Na alimentação de répteis deve ser observada a proporção 2:1 em cálcio e fósforo.
Filhotes não comem vegetais durante seu primeiro ano de vida, comendo sim Tenebrio, Zophobas, grilos, ração para gatos e, com um mês, neonatos de camundongo.Quando adultos são onívoros e comem filhotes de rato ou camundongo, rãs, pintinhos, ovos cozidos, pão branco, tomates, bananas, carne, peixe, melões, ração para cães e gatos, uvas, pie, cantaloupes, pêssegos, cerejas. Como são seletivos, recomenda-se apenas um tipo por dia. O apetite diminuí drasticamente quando a temperatura baixa.

Fornecimento de Água

Deve ser constante e sempre limpa e, para que seja fresca, localizada longe da fonte de calor. Existem no comercio bebedouros (automáticos ou não), piscinas e cascatas artificiais.

Longevidade

Até 16 anos.

Tamanho

Até 1,40m (comprimento rostro-caudal).

Mudas de Pele

Ocorre aos pedaços e na ocasião convém aumentar a umidade.

Dimorfismo Sexual

Machos maiores com mandíbulas mais fortes e papada.

Possíveis Doenças

O diagnóstico sobre possíveis doenças cabe aos Médicos Veterinários mas você pode detectar alguns sintomas pelas mudanças de comportamento do seu animal tais como perda de apetite, imobilidade, respiração difícil, olhos lacrimejantes ou opacos, diarréia, muco bucal e nasal etc. Nestes casos procure um médico veterinário (vide lista no site www.biomaniaanimais.com.br) e isole o animal (e seus utensílios) se você tiver mais de um.

Aspectos Sanitários das Instalações

A limpeza do terrário, de bebedouros, comedouros, objetos de decoração (pedras, troncos, plantas artificiais etc), deve ser feita com desinfetante sendo o mais barato o hipoclorito de sódio (cândida) diluído a 3% que deverá permanecer em contato com as superfícies por meia hora antes que seja removido por lavagem. A troca periódica de substrato é indispensável.

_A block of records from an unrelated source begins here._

(* Let $(F_S,\iota)$ be an embedded local étale algebra and $\Gamma\subseteq\mathrm{PGL}_2(F_S)$ a discrete subgroup. Then \[ \mathcal L^S_\Gamma\subseteq\bigcup_{\mathfrak p\in S}\Big(\mathbb P^1(F_\mathfrak p)\times\prod_{\mathfrak q\in S\setminus\{\mathfrak p\}}\mathbb P^1(\mathbf C)\Big), \] i.e. every limit point has at least one coordinate $x_\mathfrak p$ lying in $\mathbb P^1(F_\mathfrak p)$.
   Context: Fix a prime $p$ and let $\mathbf{C}$ be the completion of an algebraic closure of $\mathbb{Q}_p$ or of $\mathbb{F}_p((T))$. An embedded local étale algebra $(F_S,\iota)$ consists of a finite non-empty set $S$, non-Archimedean local fields $F_\mathfrak p$ ($\mathfrak p\in S$) of residue characteristic $p$ and the same characteristic as $\mathbf C$, and embeddings $\iota_\mathfrak p\colon F_\mathfrak p\hookrightarrow\mathbf C$, through which $\mathbb P^1(F_\mathfrak p)\subseteq\mathbb P^1(\mathbf C)$. $\mathrm{PGL}_2(F_S)=\prod_\mathfrak p\mathrm{PGL}_2(F_\mathfrak p)$ (with its locally compact topology) acts componentwise by Möbius transformations on $\mathbb P^1(\mathbf C_S)=\prod_{\mathfrak p\in S}\mathbb P^1(\mathbf C)$. For a subgroup $\Gamma$, $\mathcal L^S_\Gamma$ is the set of $x\in\mathbb P^1(\mathbf C_S)$ such that $\gamma_j(y)\to x$ for some $y$ and pairwise distinct $\gamma_j\in\Gamma$. *)

theory Defs
  imports Complex_Main "HOL-Computational_Algebra.Polynomial"
begin
theorem corollary3p15:
  fixes N :: "real^'m \<Rightarrow> real" and p C :: real and \<mu> :: "(real^'m) measure"
  assumes "is_norm N" and "1 \<le> p" and "\<mu> \<in> Pp N p" and "1 \<le> C"
    and "\<forall>x. N x \<le> C * (\<Sum>i\<in>UNIV. \<bar>x $ i\<bar> powr p) powr (1 / p)"
  shows "(\<forall>\<beta>>0. \<forall>(n :: 'm \<Rightarrow> nat) (kl :: 'm \<Rightarrow> real).
           Wbar N p (Gfam p kl \<beta> n) \<mu>
             \<le> ennreal (2 * C * real CARD('m) powr (1 / p) * \<beta>
               + 2 * C * (\<Sum>i\<in>UNIV. \<integral>t. (max 0 (kappa kl \<beta> i 0 - t)) powr p
                     + (max 0 (t - kappa kl \<beta> i (n i))) powr p
                   \<partial>(distr \<mu> borel (\<lambda>x. x $ i))) powr (1 / p)))
       \<and> (\<forall>\<epsilon>>0. \<exists>\<beta>>0. \<exists>(n :: 'm \<Rightarrow> nat) (kl :: 'm \<Rightarrow> real).
           Wbar N p (Gfam p kl \<beta> n) \<mu> \<le> ennreal \<epsilon>)"
proof -
  have "0 \<le> C" "0 < C" using \<open>1 \<le> C\<close> by auto
  then show ?thesis
    using Wbar_Gfam_le[OF assms(1-3) _ assms(5)] Wbar_Gfam_arbitrarily_small[OF assms(1-3) _ assms(5)]
    by blast
qed

end
text \<open>The energy identity of the Crank--Nicolson step: with \<open>s = w + v\<close> and \<open>t = w - v\<close>,
  \<open>(C - D) w = (C + D) v\<close> means \<open>C t = D s\<close>, and symmetry of \<open>C\<close> turns
  \<open>\<langle>s, C t\<rangle>\<close> into \<open>\<langle>w, C w\<rangle> - \<langle>v, C v\<rangle>\<close>.\<close>
lemma quad_form_step_decrease:
  assumes C: "C \<in> carrier_mat n n" and D: "D \<in> carrier_mat n n" and R: "R \<in> carrier_mat n n"
    and sym: "\<And>i j. i < n \<Longrightarrow> j < n \<Longrightarrow> C $$ (i, j) = C $$ (j, i)"
    and pos: "pos_def_form C n" and neg: "neg_def_form D n"
    and step: "(C - D) * R = C + D"
    and v: "\<exists>i<n. v i \<noteq> 0"
  shows "quad_form C n (mat_app R n v) < quad_form C n v"
proof -
  define w where "w = mat_app R n v"
  define s where "s = (\<lambda>i. w i + v i)"
  define t where "t = (\<lambda>i. w i - v i)"
  have Ct: "mat_app C n t i = mat_app D n s i" if i: "i < n" for i
  proof -
    have "mat_app (C - D) n w i = mat_app ((C - D) * R) n v i"
      unfolding w_def using mat_app_mult[OF minus_carrier_mat[OF D, of C] R i] by simp
    then have "mat_app (C - D) n w i = mat_app (C + D) n v i" unfolding step .
    then have "mat_app C n w i - mat_app D n w i = mat_app C n v i + mat_app D n v i"
      using mat_app_minus[OF C D i] mat_app_add[OF C D i] by simp
    then show ?thesis
      unfolding s_def t_def mat_app_def by (simp add: sum.distrib sum_subtractf algebra_simps)
  qed
  have swap: "(\<Sum>i<n. \<Sum>j<n. C $$ (i, j) * v i * w j) = (\<Sum>i<n. \<Sum>j<n. C $$ (i, j) * w i * v j)"
    by (subst sum.swap) (intro sum.cong refl, simp add: sym)
  have "(\<Sum>i<n. s i * mat_app C n t i) = quad_form C n w - quad_form C n v
      + ((\<Sum>i<n. \<Sum>j<n. C $$ (i, j) * v i * w j) - (\<Sum>i<n. \<Sum>j<n. C $$ (i, j) * w i * v j))"
    unfolding s_def t_def mat_app_def quad_form_def
    by (simp add: sum_distrib_left sum.distrib sum_subtractf ring_distribs mult.assoc mult.left_commute)
  also have "(\<Sum>i<n. s i * mat_app C n t i) = quad_form D n s"
    by (simp add: quad_form_eq_sum_mat_app Ct)
  finally have energy: "quad_form C n w - quad_form C n v = quad_form D n s"
    unfolding swap by simp
  show ?thesis
  proof (cases "\<exists>i<n. s i \<noteq> 0")
    case True
    then show ?thesis using neg energy unfolding neg_def_form_def w_def by fastforce
  next
    case False
    then have "quad_form C n t = 0"
      using Ct mat_app_zero[of n s D] by (simp add: quad_form_eq_sum_mat_app)
    moreover from v obtain i where "i < n" "t i \<noteq> 0"
      using False unfolding s_def t_def by fastforce
    ultimately show ?thesis using pos unfolding pos_def_form_def by fastforce
  qed
qed

lemma matinv_unique:
  assumes P: "P \<in> carrier_mat n n" and B: "B \<in> carrier_mat n n"
    and PB: "P * B = 1\<^sub>m n" and BP: "B * P = 1\<^sub>m n"
  shows "matinv P = B"
proof -
  have "\<exists>B. inverts_mat P B \<and> inverts_mat B P"
    using P B PB BP unfolding inverts_mat_def by auto
  then have "inverts_mat P (matinv P) \<and> inverts_mat (matinv P) P"
    unfolding matinv_def by (rule someI_ex)
  then have PB': "P * matinv P = 1\<^sub>m n" and B'P: "matinv P * P = 1\<^sub>m (dim_row (matinv P))"
    using P unfolding inverts_mat_def by auto
  have B': "matinv P \<in> carrier_mat n n"
    using arg_cong[OF B'P, of dim_col] arg_cong[OF PB', of dim_col] P by auto
  have "B = B * (P * matinv P)" using PB' B by simp
  also have "\<dots> = (B * P) * matinv P" using B P B' by (simp add: assoc_mult_mat)
  also have "\<dots> = matinv P" using BP B' by simp
  finally show ?thesis by simp
qed

lemma matinv_inverse:
  assumes P: "P \<in> carrier_mat n n" and inv: "invertible_mat P"
  shows "matinv P \<in> carrier_mat n n" "P * matinv P = 1\<^sub>m n" "matinv P * P = 1\<^sub>m n"
proof -
  obtain B where "inverts_mat P B" "inverts_mat B P"
    using inv unfolding invertible_mat_def by blast
  then have PB: "P * B = 1\<^sub>m n" and BP: "B * P = 1\<^sub>m (dim_row B)"
    using P unfolding inverts_mat_def by auto
  have B: "B \<in> carrier_mat n n"
    using arg_cong[OF PB, of dim_col] arg_cong[OF BP, of dim_col] P by auto
  with PB BP have "B \<in> carrier_mat n n" "P * B = 1\<^sub>m n" "B * P = 1\<^sub>m n" by auto
  then show "matinv P \<in> carrier_mat n n" "P * matinv P = 1\<^sub>m n" "matinv P * P = 1\<^sub>m n"
    using matinv_unique[OF P B] by auto
qed

lemma invertible_mat_of_inverse:
  assumes "P \<in> carrier_mat n n" "B \<in> carrier_mat n n" "P * B = 1\<^sub>m n" "B * P = 1\<^sub>m n"
  shows "invertible_mat P"
  using assms unfolding invertible_mat_def inverts_mat_def by auto

lemma inverse_of_pos_def_minus_neg_def:
  assumes C: "C \<in> carrier_mat n n" and D: "D \<in> carrier_mat n n"
    and pos: "pos_def_form C n" and neg: "neg_def_form D n"
  obtains B where "B \<in> carrier_mat n n" "(C - D) * B = 1\<^sub>m n" "B * (C - D) = 1\<^sub>m n"
proof -
  have CD: "C - D \<in> carrier_mat n n" by (rule minus_carrier_mat[OF D])
  have "v = 0\<^sub>v n" if v: "v \<in> carrier_vec n" and ker: "(C - D) *\<^sub>v v = 0\<^sub>v n" for v
  proof (rule ccontr)
    assume "v \<noteq> 0\<^sub>v n"
    then have nz: "\<exists>i<n. v $ i \<noteq> 0" using v by (auto simp: vec_eq_iff)
    have "mat_app C n (\<lambda>j. v $ j) k = mat_app D n (\<lambda>j. v $ j) k" if "k < n" for k
      using ker mat_app_mult_mat_vec[OF CD v that] mat_app_minus[OF C D that] that by simp
    then have "quad_form C n (\<lambda>j. v $ j) = quad_form D n (\<lambda>j. v $ j)"
      by (simp add: quad_form_eq_sum_mat_app)
    with nz pos neg show False unfolding pos_def_form_def neg_def_form_def by fastforce
  qed
  then have "det (C - D) \<noteq> 0" using det_0_iff_vec_prod_zero[OF CD] by auto
  from det_non_zero_imp_unit[OF CD this, of "()"] show ?thesis
    using that unfolding Units_def by (auto simp: ring_mat_simps)
qed

text \<open>An eigenvector \<open>a + i b\<close> of the real matrix \<open>R\<close> for \<open>\<lambda>\<close> gives
  \<open>q(R a) + q(R b) = |\<lambda>|\<^sup>2 (q a + q b)\<close> for every quadratic form \<open>q\<close>.\<close>
lemma quad_form_rotation:
  "quad_form C n (\<lambda>i. r * a i - s * b i) + quad_form C n (\<lambda>i. s * a i + r * b i)
     = (r\<^sup>2 + s\<^sup>2) * (quad_form C n a + quad_form C n b)"
proof -
  have "C $$ (i, j) * (r * a i - s * b i) * (r * a j - s * b j)
        + C $$ (i, j) * (s * a i + r * b i) * (s * a j + r * b j)
      = (r\<^sup>2 + s\<^sup>2) * (C $$ (i, j) * a i * a j + C $$ (i, j) * b i * b j)" for i j
    by (simp add: algebra_simps power2_eq_square)
  then show ?thesis
    unfolding quad_form_def by (simp only: sum.distrib [symmetric] sum_distrib_left distrib_left)
qed

lemma eigenvalue_norm_less_1_of_quad_form_decrease:
  fixes R C :: "real mat"
  assumes R: "R \<in> carrier_mat n n" and pos: "pos_def_form C n"
    and decr: "\<And>x. (\<exists>i<n. x i \<noteq> 0) \<Longrightarrow> quad_form C n (mat_app R n x) < quad_form C n x"
    and ev: "eigenvalue (map_mat complex_of_real R) l"
  shows "cmod l < 1"
proof -
  let ?Rc = "map_mat complex_of_real R"
  obtain v where "eigenvector ?Rc v l" using ev unfolding eigenvalue_def by auto
  then have v: "v \<in> carrier_vec n" "v \<noteq> 0\<^sub>v n" "?Rc *\<^sub>v v = l \<cdot>\<^sub>v v"
    using R unfolding eigenvector_def by auto
  define a where "a = (\<lambda>i. Re (v $ i))"
  define b where "b = (\<lambda>i. Im (v $ i))"
  have comp: "(\<Sum>j<n. complex_of_real (R $$ (i, j)) * v $ j) = l * v $ i" if "i < n" for i
  proof -
    have "(?Rc *\<^sub>v v) $ i = (\<Sum>j<n. complex_of_real (R $$ (i, j)) * v $ j)"
      using R v(1) that by (auto simp: scalar_prod_def atLeast0LessThan intro!: sum.cong)
    then show ?thesis using v that by simp
  qed
  have "mat_app R n a i = Re l * a i - Im l * b i" if "i < n" for i
    using arg_cong[OF comp[OF that], of Re] unfolding mat_app_def a_def b_def by (simp add: Re_sum)
  moreover have "mat_app R n b i = Im l * a i + Re l * b i" if "i < n" for i
    using arg_cong[OF comp[OF that], of Im] unfolding mat_app_def a_def b_def
    by (simp add: Im_sum algebra_simps)
  ultimately have "quad_form C n (mat_app R n a) = quad_form C n (\<lambda>i. Re l * a i - Im l * b i)"
    "quad_form C n (mat_app R n b) = quad_form C n (\<lambda>i. Im l * a i + Re l * b i)"
    by (auto intro: quad_form_cong)
  then have rot: "quad_form C n (mat_app R n a) + quad_form C n (mat_app R n b)
      = (cmod l)\<^sup>2 * (quad_form C n a + quad_form C n b)"
    using quad_form_rotation[of C n "Re l" a "Im l" b] by (simp add: cmod_power2)
  have le: "quad_form C n (mat_app R n x) \<le> quad_form C n x" for x
    using decr[of x] quad_form_zero[of n x C] quad_form_zero[of n "mat_app R n x" C]
      mat_app_zero[of n x R] by (cases "\<exists>i<n. x i \<noteq> 0") force+
  from v(1,2) obtain i where "i < n" "v $ i \<noteq> 0" by (auto simp: vec_eq_iff)
  then have "(\<exists>i<n. a i \<noteq> 0) \<or> (\<exists>i<n. b i \<noteq> 0)"
    unfolding a_def b_def by (auto simp: complex_eq_iff)
  then have less: "quad_form C n (mat_app R n a) + quad_form C n (mat_app R n b)
        < quad_form C n a + quad_form C n b"
  proof (elim disjE)
    assume "\<exists>i<n. a i \<noteq> 0"
    from decr[OF this] le[of b] show ?thesis by linarith
  next
    assume "\<exists>i<n. b i \<noteq> 0"
    from decr[OF this] le[of a] show ?thesis by linarith
  qed
  moreover have nonneg: "0 \<le> quad_form C n a + quad_form C n b"
    using pos_def_form_nonneg[OF pos] by (simp add: add_nonneg_nonneg)
  ultimately have "(cmod l)\<^sup>2 * (quad_form C n a + quad_form C n b) < quad_form C n a + quad_form C n b"
    "0 \<le> (cmod l)\<^sup>2 * (quad_form C n a + quad_form C n b)"
    unfolding rot by simp_all
  then have "(cmod l)\<^sup>2 < 1" using nonneg by (simp add: mult_less_cancel_right2)
  then show ?thesis by (simp add: abs_square_less_1)
qed

lemma eigenvalue_smult_mat:
  fixes A :: "complex mat"
  assumes A: "A \<in> carrier_mat n n" and c: "c \<noteq> 0" and ev: "eigenvalue (c \<cdot>\<^sub>m A) m"
  shows "eigenvalue A (m / c)"
proof -
  obtain v where v: "v \<in> carrier_vec n" "v \<noteq> 0\<^sub>v n" "(c \<cdot>\<^sub>m A) *\<^sub>v v = m \<cdot>\<^sub>v v"
    using ev A unfolding eigenvalue_def eigenvector_def by auto
  have "A *\<^sub>v v = (m / c) \<cdot>\<^sub>v v"
  proof (rule eq_vecI)
    fix k assume "k < dim_vec ((m / c) \<cdot>\<^sub>v v)"
    then have k: "k < n" using v by simp
    have "c * (A *\<^sub>v v) $ k = m * v $ k"
      using arg_cong[OF v(3), of "\<lambda>w. w $ k"] k A v(1)
      by (simp add: scalar_prod_def sum_distrib_left mult.assoc)
    then show "(A *\<^sub>v v) $ k = ((m / c) \<cdot>\<^sub>v v) $ k" using c k v(1) by (simp add: field_simps)
  qed (use A v in simp)
  then show ?thesis using v A unfolding eigenvalue_def eigenvector_def by auto
qed

lemma smult_pow_mat:
  assumes "A \<in> carrier_mat n n"
  shows "(c \<cdot>\<^sub>m A) ^\<^sub>m k = (c ^ k) \<cdot>\<^sub>m (A ^\<^sub>m k :: 'a :: comm_ring_1 mat)"
proof (induction k)
  case 0 show ?case by (rule eq_matI) auto
next
  case (Suc k)
  have Ak: "A ^\<^sub>m k \<in> carrier_mat n n" using assms by simp
  have "(c ^ k \<cdot>\<^sub>m A ^\<^sub>m k) * (c \<cdot>\<^sub>m A) = c ^ k \<cdot>\<^sub>m (c \<cdot>\<^sub>m (A ^\<^sub>m k * A))"
    using mult_smult_assoc_mat[OF Ak smult_carrier_mat[OF assms]] mult_smult_distrib[OF Ak assms]
    by simp
  then show ?case using Suc by (auto intro!: eq_matI)
qed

Cuidados de Trato e Manejo

Animais silvestres, mesmo nascidos em cativeiro, exigem parâmetros específicos para cada espécie no que se refere a temperatura, umidade, insolação, alimentação adequada etc.
Depois de adquiridos precisam de um período de adaptação às suas novas instalações e, só depois disto podem ser parcimoniosamente manipulados lembrando sempre que são mais interessantes para observação do que para manipulação. Para conservar seu teiú manso é necessário manipula-lo constantemente mas, repetimos, parcimoniosamente.